As pointed out to me by my fraternity brother Larry Lissitzyn -- a very smart investor -- we earn, in rough terms, what the rate of interest was on a mortgage (not counting the immense tax benefit of the mortgage interest's deductibility) when we pay it off.
That is, if you have a mortgage with 6.5 percent interest, you'd earn roughly 6.5 percent by paying it off early. That's a fine rate of return and nothing to sneeze at. But the rate of return on broad U.S. stock market indexes over very long periods is closer to 9 percent -- a substantial difference.
Stocking Up
To be sure, there are long periods when the stock market doesn't return even close to 9 percent per annum. But it usually does, again on average and again over long periods. So you might be better off -- again -- just paying off your mortgage month by month and not taking the money out of the stock market.

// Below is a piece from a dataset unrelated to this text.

(* Let $m\ge1$, $C>0$, $\mathbf{y}\in\{-1,1\}^m$, let $\mathbf{Q}\in\mathbb{R}^{m\times m}$ be a symmetric positive semidefinite kernel matrix on the labeled nodes, let $\mathcal{T}$ be a finite set of test nodes with kernel values $Q_{ti}$ ($t\in\mathcal{T}$, $i\in[m]$). Let $\boldsymbol\alpha^*\in\mathcal{S}(\mathbf{y})$, $\hat p_t=\sum_{i=1}^m y_i\alpha_i^*Q_{ti}$ and assume $\hat p_t\ne0$ for all $t\in\mathcal{T}$. Set $M_{u_i}=\sum_{j}C|Q_{ij}|-1$, $M_{v_i}=\sum_jC|Q_{ij}|+1$ for $i\in[m]$, and $l_t=-C\sum_{i=1}^m|Q_{ti}|$, $h_t=C\sum_{i=1}^m|Q_{ti}|$ for $t\in\mathcal{T}$. Consider the MILP $$P_C(\mathbf{y}):\ \max\ \sum_{t\in\mathcal{T}}c_t$$ over the variables and subject to all constraints of the sample-wise MILP $P(\mathbf{y})$ (namely $\boldsymbol{\alpha},\tilde{\mathbf{y}},\mathbf{z},\mathbf{u},\mathbf{v}\in\mathbb{R}^m$, $\mathbf{y}',\mathbf{s},\mathbf{t}\in\{0,1\}^m$, $\mathbf{R}\in\mathbb{R}^{m\times m}$ with $\sum_i(1-y_i\tilde y_i)\le2\lfloor\epsilon m\rfloor$ and, for all $i,j\in[m]$: $\tilde y_i=2y_i'-1$; $\sum_jR_{ij}Q_{ij}-1-u_i+v_i=0$; $u_i,v_i\ge0$; $-C(1+\tilde y_i)\le R_{ij}+z_j\le C(1+\tilde y_i)$; $-C(1-\tilde y_i)\le R_{ij}-z_j\le C(1-\tilde y_i)$; $-\alpha_i\le z_i\le\alpha_i$; $\alpha_i-C(1-\tilde y_i)\le z_i\le C(1+\tilde y_i)-\alpha_i$; $u_i\le M_{u_i}s_i$; $\alpha_i\le C(1-s_i)$; $v_i\le M_{v_i}t_i$; $\alpha_i\ge Ct_i$), together with additional variables $c_t\in\{0,1\}$ and $p_t\in\mathbb{R}$ for $t\in\mathcal{T}$ and constraints: $p_t=\sum_{i=1}^m z_iQ_{ti}$ for all $t\in\mathcal{T}$; for all $t$ with $\hat p_t>0$: $p_t\le h_t(1-c_t)$ and $p_t\ge l_tc_t$; for all $t$ with $\hat p_t<0$: $p_t\ge l_t(1-c_t)$ and $p_t\le h_tc_t$. Then the optimal value of $P_C(\mathbf{y})$ equals the maximum number of test nodes that are simultaneously certifiably non-robust, i.e. $\max\big\{|\{t\in\mathcal{T}:\operatorname{sign}(\hat p_t)\sum_{i=1}^m\tilde y_i\alpha_iQ_{ti}\le 0\}| : \tilde{\mathbf{y}}\in\mathcal{A}(\mathbf{y}),\ \boldsymbol\alpha\in\mathcal{S}(\tilde{\mathbf{y}})\big\}$.
   Context: Binary classification with $m$ labeled nodes. For $\tilde{\mathbf{y}}\in\{-1,1\}^m$, the bias-free kernel SVM dual is $D(\tilde{\mathbf{y}}):\ \min_{\boldsymbol\alpha}-\sum_i\alpha_i+\tfrac12\sum_{i,j}\tilde y_i\tilde y_j\alpha_i\alpha_jQ_{ij}$ s.t. $0\le\alpha_i\le C$ for all $i\in[m]$; $\mathcal{S}(\tilde{\mathbf{y}})$ is its set of optimal solutions; the prediction score of node $t$ is $p_t=\sum_i\tilde y_i\alpha_iQ_{ti}$ and the predicted class is its sign. The adversary with budget $\epsilon\in[0,1]$ chooses one $\tilde{\mathbf{y}}\in\mathcal{A}(\mathbf{y})=\{\tilde{\mathbf{y}}\in\{-1,1\}^m:\|\tilde{\mathbf{y}}-\mathbf{y}\|_0\le\lfloor\epsilon m\rfloor\}$ used for all test nodes simultaneously. A test node $t$ counts as non-robust under $(\tilde{\mathbf{y}},\boldsymbol\alpha)$ if $\operatorname{sign}(\hat p_t)p_t\le0$. *)

theory Defs
  imports Complex_Main
begin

On the other hand, if you have plenty of stocks according to your investment advisor and a huge surplus of cash -- which many people do have -- you might well want to use some of that to pay down your mortgage. A standard mortgage is now in the high sixes, and you won't get a risk-free return of that scale on any cash instrument I know of.
In short, unless you're sitting on surplus cash, I see no urgent reason to pay down or pay off your mortgage in a hurry.
Gold-Standard Advice
The second question I'm frequently asked is, Should I buy gold? I've never been a fan of gold as an investment. I know that since the early 1970s it's gone up from about $35 an ounce to (at one point) the high nine-hundreds. But it's also fluctuated wildly.

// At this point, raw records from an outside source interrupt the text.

(* Fix $\bar x\ge0$ and let $Y=(Y_t)_{t\ge0}$ be a measurable real-valued path with $Y_0\le\bar x$ such that $\overline Y$ (its running supremum with initial maximum level $\bar x$) is continuous. Let $H=(H_t)_{t\ge0}$ be a measurable path with $H_t\le1$ for all $t\ge0$ (and such that the integrals below are well defined). Define $U_t=Y_t-\int_{0^+}^tH_s\,\mathrm d\overline Y_s$. Then the running supremum of $U$ with initial maximum level $\bar x$ satisfies $$\overline U_t=\overline Y_t-\int_{0^+}^tH_s\,\mathrm d\overline Y_s,\qquad t\ge0.$$
   Context: For a path $Y$ and $\bar x\ge Y_0$, $\overline Y_t:=\bar x\vee\sup_{0\le s\le t}Y_s$. $\int_{0^+}^t$ denotes the Stieltjes integral over $(0,t]$. *)

theory Defs
  imports "HOL-Analysis.Analysis"
begin

text \<open>Running supremum of a path Y on [0,\<infinity>) with initial maximum level xbar:
  running_max xbar Y t = xbar \<squnion> sup_{0 \<le> s \<le> t} Y s  (for t \<ge> 0).
  For t < 0 it is extended constantly by its value at 0 (only so that it is a
  function on the whole real line, as required by the Lebesgue-Stieltjes
  measure below; it plays no role for t \<ge> 0).\<close>
definition running_max :: "real \<Rightarrow> (real \<Rightarrow> real) \<Rightarrow> real \<Rightarrow> real" where
  "running_max xbar Y t = max xbar (Sup (Y ` {0..max 0 t}))"

definition stieltjes_int :: "(real \<Rightarrow> real) \<Rightarrow> (real \<Rightarrow> real) \<Rightarrow> real \<Rightarrow> real" where
  "stieltjes_int F H t = (LINT s:{0<..t}|interval_measure F. H s)"

end

theory Submission
  imports Defs
begin

text \<open>Write \<open>M\<close> for the running maximum of \<open>Y\<close> and \<open>I t\<close> for the integral of \<open>H\<close> over \<open>(0, t]\<close> against \<open>dM\<close>.
  Since \<open>H \<le> 1\<close>, the process \<open>M - I\<close> is nondecreasing, so
  \<open>Y r - I r \<le> M r - I r \<le> M t - I t\<close> for \<open>r \<le> t\<close>. Conversely, if \<open>Y r\<close> is close to
  \<open>M t\<close> then so is \<open>M r\<close>, i.e. \<open>(r, t]\<close> has small \<open>dM\<close>-measure, and absolute continuity
  of the integral makes \<open>I r\<close> close to \<open>I t\<close>; hence \<open>Y - I\<close> comes arbitrarily close to
  \<open>M t - I t\<close> on \<open>[0, t]\<close>.\<close>

lemma integral_excess_tendsto_0:
  fixes g :: "'a \<Rightarrow> real"
  assumes "integrable M g"
  shows "(\<lambda>n. \<integral>x. max 0 (\<bar>g x\<bar> - real n) \<partial>M) \<longlonglongrightarrow> 0"
proof -
  have "(\<lambda>n. \<integral>x. max 0 (\<bar>g x\<bar> - real n) \<partial>M) \<longlonglongrightarrow> (\<integral>x. 0 \<partial>M)"
  proof (rule integral_dominated_convergence[where w = "\<lambda>x. \<bar>g x\<bar>"])
    show "AE x in M. (\<lambda>n. max 0 (\<bar>g x\<bar> - real n)) \<longlonglongrightarrow> 0"
    proof (rule AE_I2)
      fix x
      obtain k :: nat where "\<bar>g x\<bar> \<le> real k"
        using real_arch_simple by blast
      then have "\<forall>\<^sub>F n in sequentially. max 0 (\<bar>g x\<bar> - real n) = 0"
        unfolding eventually_sequentially by (intro exI[of _ k]) auto
      then show "(\<lambda>n. max 0 (\<bar>g x\<bar> - real n)) \<longlonglongrightarrow> 0"
        by (rule tendsto_eventually)
    qed
  qed (use assms in auto)
  then show ?thesis by simp
qed

lemma set_integral_small_on_small_sets:
  fixes g :: "'a \<Rightarrow> real"
  assumes g: "integrable M g" and e: "0 < e"
  obtains d where "0 < d"
    and "\<And>A. A \<in> sets M \<Longrightarrow> emeasure M A < ennreal d \<Longrightarrow> \<bar>LINT x:A|M. g x\<bar> < e"
proof -
  let ?excess = "\<lambda>n x. max 0 (\<bar>g x\<bar> - real n)"
  obtain n :: nat where n: "(\<integral>x. ?excess n x \<partial>M) < e / 2"
    using order_tendstoD(2)[OF integral_excess_tendsto_0[OF g], of "e / 2"] e
    by (auto simp: eventually_sequentially)
  have excess_int: "integrable M (?excess n)"
    by (rule Bochner_Integration.integrable_bound[OF g]) (use g in auto)
  define d where "d = e / (2 * (real n + 1))"
  have "0 < d" using e by (simp add: d_def)
  moreover have "\<bar>LINT x:A|M. g x\<bar> < e"
    if A: "A \<in> sets M" and small: "emeasure M A < ennreal d" for A
  proof -
    have A_fin: "emeasure M A < \<infinity>"
      using small by (simp add: order.strict_trans)
    have "measure M A < d"
      using small A_fin by (simp add: measure_def enn2real_less_iff)
    have ind_int: "integrable M (indicator A :: 'a \<Rightarrow> real)"
      using A A_fin by simp
    have restr_int: "integrable M (\<lambda>x. indicator A x * g x)"
      using integrable_mult_indicator[OF A g] by simp
    have "\<bar>LINT x:A|M. g x\<bar> \<le> (\<integral>x. \<bar>indicator A x * g x\<bar> \<partial>M)"
      using integral_norm_bound[of M "\<lambda>x. indicator A x * g x"]
      by (simp add: set_lebesgue_integral_def)
    also have "\<dots> \<le> (\<integral>x. real n * indicator A x + ?excess n x \<partial>M)"
      by (intro integral_mono integrable_abs restr_int
          Bochner_Integration.integrable_add integrable_mult_right ind_int excess_int)
         (auto simp: indicator_def)
    also have "\<dots> = real n * measure M A + (\<integral>x. ?excess n x \<partial>M)"
      using ind_int excess_int A by (simp add: Int_absorb2 sets.sets_into_space)
    also have "real n * measure M A \<le> real n * d"
      using \<open>measure M A < d\<close> by (intro mult_left_mono) auto
    also have "real n * d \<le> e / 2"
      using e by (simp add: d_def field_simps)
    finally show ?thesis using n by linarith
  qed
  ultimately show ?thesis using that by blast
qed

lemma stieltjes_int_diff:
  assumes H: "set_integrable (interval_measure F) {0<..t} H" and "0 \<le> r" "r \<le> t"
  shows "stieltjes_int F H t - stieltjes_int F H r = (LINT s:{r<..t}|interval_measure F. H s)"
proof -
  have split: "{0<..t} = {0<..r} \<union> {r<..t}"
    using assms by auto
  have "set_integrable (interval_measure F) {0<..r} H"
       "set_integrable (interval_measure F) {r<..t} H"
    using assms by (auto intro: set_integrable_subset[OF H])
  then show ?thesis
    unfolding stieltjes_int_def split by (simp add: set_integral_Un)
qed

lemma stieltjes_int_diff_le:
  assumes mono: "\<And>x y. x \<le> y \<Longrightarrow> F x \<le> F y" and right_cont: "\<And>a. continuous (at_right a) F"
    and H: "set_integrable (interval_measure F) {0<..t} H" and "0 \<le> r" "r \<le> t"
    and H_le1: "\<And>s. s \<in> {r<..t} \<Longrightarrow> H s \<le> 1"
  shows "stieltjes_int F H t - stieltjes_int F H r \<le> F t - F r"
proof -
  have fin: "emeasure (interval_measure F) {r<..t} < \<infinity>"
    using mono right_cont by (simp add: emeasure_interval_measure_Ioc_eq)
  have "stieltjes_int F H t - stieltjes_int F H r = (LINT s:{r<..t}|interval_measure F. H s)"
    using assms by (simp add: stieltjes_int_diff)
  also have "\<dots> \<le> (LINT s:{r<..t}|interval_measure F. 1)"
    using assms fin by (intro set_integral_mono set_integrable_subset[OF H]) (auto simp: set_integrable_def)
  also have "\<dots> = F t - F r"
    using assms fin by (simp add: set_integral_const measure_interval_measure_Ioc)
  finally show ?thesis .
qed

lemma stieltjes_int_diff_small:
  assumes mono: "\<And>x y. x \<le> y \<Longrightarrow> F x \<le> F y" and right_cont: "\<And>a. continuous (at_right a) F"
    and H: "set_integrable (interval_measure F) {0<..t} H" and "0 < e"
  obtains d where "0 < d"
    and "\<And>r. 0 \<le> r \<Longrightarrow> r \<le> t \<Longrightarrow> F t - F r < d \<Longrightarrow>
           \<bar>stieltjes_int F H t - stieltjes_int F H r\<bar> < e"
proof -
  have "integrable (interval_measure F) (\<lambda>s. indicator {0<..t} s * H s)"
    using H by (simp add: set_integrable_def)
  then obtain d where "0 < d" and d: "\<And>A. A \<in> sets (interval_measure F) \<Longrightarrow>
      emeasure (interval_measure F) A < ennreal d \<Longrightarrow>
      \<bar>LINT s:A|interval_measure F. indicator {0<..t} s * H s\<bar> < e"
    using set_integral_small_on_small_sets \<open>0 < e\<close> by blast
  have "\<bar>stieltjes_int F H t - stieltjes_int F H r\<bar> < e"
    if "0 \<le> r" "r \<le> t" "F t - F r < d" for r
  proof -
    have "emeasure (interval_measure F) {r<..t} < ennreal d"
      using that mono right_cont \<open>0 < d\<close> by (simp add: emeasure_interval_measure_Ioc_eq ennreal_lessI)
    from d[OF _ this] that show ?thesis
      by (simp add: stieltjes_int_diff[OF H] set_lebesgue_integral_def indicator_inter_arith[symmetric]
          Int_absorb2 ac_simps)
  qed
  with \<open>0 < d\<close> that show ?thesis by blast
qed

lemma running_max_nonpos:
  assumes "Y 0 \<le> xbar" and "t \<le> 0"
  shows "running_max xbar Y t = xbar"
  using assms by (simp add: running_max_def)

lemma le_running_max:
  assumes "bdd_above (Y ` {0..t})" and "0 \<le> r" "r \<le> t"
  shows "Y r \<le> running_max xbar Y t"
proof -
  have "Y r \<le> Sup (Y ` {0..t})"
    using assms by (intro cSup_upper) auto
  then show ?thesis
    using assms by (simp add: running_max_def)
qed

lemma running_max_le:
  assumes "xbar \<le> c" and "0 \<le> t" and "\<And>r. 0 \<le> r \<Longrightarrow> r \<le> t \<Longrightarrow> Y r \<le> c"
  shows "running_max xbar Y t \<le> c"
  using assms by (auto simp: running_max_def intro!: cSup_least)

lemma running_max_mono:
  assumes "\<And>t. 0 \<le> t \<Longrightarrow> bdd_above (Y ` {0..t})" and "s \<le> t"
  shows "running_max xbar Y s \<le> running_max xbar Y t"
proof -
  have "Sup (Y ` {0..max 0 s}) \<le> Sup (Y ` {0..max 0 t})"
    using assms by (intro cSup_subset_mono) auto
  then show ?thesis
    by (simp add: running_max_def)
qed

lemma running_max_continuous_at_right:
  assumes "Y 0 \<le> xbar" and "continuous_on {0..} (running_max xbar Y)"
  shows "continuous (at_right a) (running_max xbar Y)"
proof (cases "a < 0")
  case True
  then have "\<forall>\<^sub>F s in at_right a. running_max xbar Y s = running_max xbar Y a"
    using eventually_at_right_real[OF True] assms(1)
    by (auto simp: running_max_nonpos elim!: eventually_mono)
  then show ?thesis
    by (simp add: continuous_within tendsto_eventually)
next
  case False
  then have "continuous (at a within {0..}) (running_max xbar Y)"
    using assms(2) by (simp add: continuous_on_eq_continuous_within)
  then show ?thesis
    by (rule continuous_within_subset) (use False in auto)
qed

lemma running_max_approx:
  assumes "bdd_above (Y ` {0..t})" and "0 \<le> t" and "0 < e"
    and "running_max xbar Y t \<noteq> xbar"
  obtains r where "0 \<le> r" "r \<le> t" "running_max xbar Y t - e < Y r"
proof -
  have "running_max xbar Y t = Sup (Y ` {0..t})"
    using assms by (auto simp: running_max_def max_def split: if_splits)
  then have "running_max xbar Y t - e < Sup (Y ` {0..t})"
    using \<open>0 < e\<close> by simp
  then show ?thesis
    using that assms by (subst (asm) less_cSup_iff) auto
qed

lemma running_max_diff:
  fixes xbar :: real and Y I :: "real \<Rightarrow> real"
  defines "M \<equiv> running_max xbar Y"
  assumes Y0: "Y 0 \<le> xbar" and Y_bdd: "\<And>t. 0 \<le> t \<Longrightarrow> bdd_above (Y ` {0..t})"
    and "0 \<le> t" and I0: "I 0 = 0"
    and I_le: "\<And>r. 0 \<le> r \<Longrightarrow> r \<le> t \<Longrightarrow> I t - I r \<le> M t - M r"
    and I_small: "\<And>e. 0 < e \<Longrightarrow>
       \<exists>d>0. \<forall>r. 0 \<le> r \<longrightarrow> r \<le> t \<longrightarrow> M t - M r < d \<longrightarrow> \<bar>I t - I r\<bar> < e"
  shows "running_max xbar (\<lambda>s. Y s - I s) t = M t - I t"
proof (rule antisym)
  let ?U = "running_max xbar (\<lambda>s. Y s - I s) t"
  have U_le: "Y r - I r \<le> M t - I t" if "0 \<le> r" "r \<le> t" for r
    using le_running_max[OF Y_bdd[OF that(1)] that(1) order.refl, where xbar = xbar] I_le[OF that]
    unfolding M_def by linarith
  have M0: "M 0 = xbar"
    using Y0 by (simp add: M_def running_max_nonpos)
  show "?U \<le> M t - I t"
    using I_le[of 0] \<open>0 \<le> t\<close> M0 I0 by (intro running_max_le U_le) auto
  have U_bdd: "bdd_above ((\<lambda>s. Y s - I s) ` {0..t})"
    using U_le by (intro bdd_aboveI) auto
  show "M t - I t \<le> ?U"
  proof (rule field_le_epsilon)
    fix e :: real assume "0 < e"
    then obtain d where "0 < d"
      and d: "\<And>r. 0 \<le> r \<Longrightarrow> r \<le> t \<Longrightarrow> M t - M r < d \<Longrightarrow> \<bar>I t - I r\<bar> < e / 2"
      using I_small[of "e / 2"] by auto
    show "M t - I t \<le> ?U + e"
    proof (cases "M t = xbar")
      case True
      then have "\<bar>I t\<bar> < e / 2"
        using d[of 0] \<open>0 \<le> t\<close> \<open>0 < d\<close> M0 I0 by simp
      moreover have "xbar \<le> ?U"
        by (simp add: running_max_def)
      ultimately show ?thesis
        using True by linarith
    next
      case False
      then obtain r where r: "0 \<le> r" "r \<le> t" and "M t - min (e / 2) d < Y r"
        using running_max_approx[OF Y_bdd[OF \<open>0 \<le> t\<close>] \<open>0 \<le> t\<close>, of "min (e / 2) d"] \<open>0 < e\<close> \<open>0 < d\<close>
        unfolding M_def by auto
      moreover have "Y r \<le> M r"
        using le_running_max[OF Y_bdd[OF r(1)] r(1) order.refl, where xbar = xbar] unfolding M_def .
      ultimately have "\<bar>I t - I r\<bar> < e / 2" and "M t - e / 2 < Y r"
        using d[OF r] by auto
      then show ?thesis
        using le_running_max[OF U_bdd r, where xbar = xbar] by linarith
    qed
  qed
qed

theorem lemma3p1:
  fixes xbar :: real and Y H :: "real \<Rightarrow> real"
  assumes xbar_nonneg: "0 \<le> xbar"
    and Y_meas: "Y \<in> borel_measurable borel"
    and Y0: "Y 0 \<le> xbar"
    and Y_bdd: "\<And>t. 0 \<le> t \<Longrightarrow> bdd_above (Y ` {0..t})"
    and Ybar_cont: "continuous_on {0..} (running_max xbar Y)"
    and H_meas: "H \<in> borel_measurable borel"
    and H_le1: "\<And>t. 0 \<le> t \<Longrightarrow> H t \<le> 1"
    and H_int: "\<And>t. 0 \<le> t \<Longrightarrow>
                   set_integrable (interval_measure (running_max xbar Y)) {0<..t} H"
  shows "\<forall>t\<ge>0. running_max xbar (\<lambda>s. Y s - stieltjes_int (running_max xbar Y) H s) t
                 = running_max xbar Y t - stieltjes_int (running_max xbar Y) H t"
proof (intro allI impI)
  fix t :: real assume "0 \<le> t"
  let ?M = "running_max xbar Y" and ?I = "stieltjes_int (running_max xbar Y) H"
  have mono: "\<And>x y. x \<le> y \<Longrightarrow> ?M x \<le> ?M y"
    using Y_bdd by (rule running_max_mono)
  have right_cont: "\<And>a. continuous (at_right a) ?M"
    using Y0 Ybar_cont by (rule running_max_continuous_at_right)
  note H_int_t = H_int[OF \<open>0 \<le> t\<close>]
  show "running_max xbar (\<lambda>s. Y s - ?I s) t = ?M t - ?I t"
  proof (rule running_max_diff[OF Y0 Y_bdd \<open>0 \<le> t\<close>])
    show "?I 0 = 0"
      by (simp add: stieltjes_int_def set_lebesgue_integral_def)
    show "?I t - ?I r \<le> ?M t - ?M r" if "0 \<le> r" "r \<le> t" for r
      using stieltjes_int_diff_le[OF mono right_cont H_int_t that] H_le1 that by auto
    show "\<exists>d>0. \<forall>r. 0 \<le> r \<longrightarrow> r \<le> t \<longrightarrow> ?M t - ?M r < d \<longrightarrow> \<bar>?I t - ?I r\<bar> < e"
      if "0 < e" for e
      using stieltjes_int_diff_small[OF mono right_cont H_int_t that] by metis
  qed
qed

end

Gold has been "limit down" day after day in some bad periods. It dropped by almost two-thirds from the late '70s into the early '80s. It pays no dividends. And it's subject to attempts at market manipulation.
If you feel you absolutely must participate in precious metals I suggest buying gold jewelry, or else buying stock in highly diversified precious metals ETFs and mutual funds that combine many gold and silver mining stocks from all over the world. They fluctuate far less often than the raw material, yet they can grow dramatically if the metals rise.
Gold is lovely as a gift, then, but I don't see it as an investment for the ordinary citizen unless he or she is compulsively attached to its luster.
Trust Funds
Third, how do you play the falling dollar? Again, I wouldn't recommend speculation in the currency itself. That's far, far, far too treacherous for the ordinary investor.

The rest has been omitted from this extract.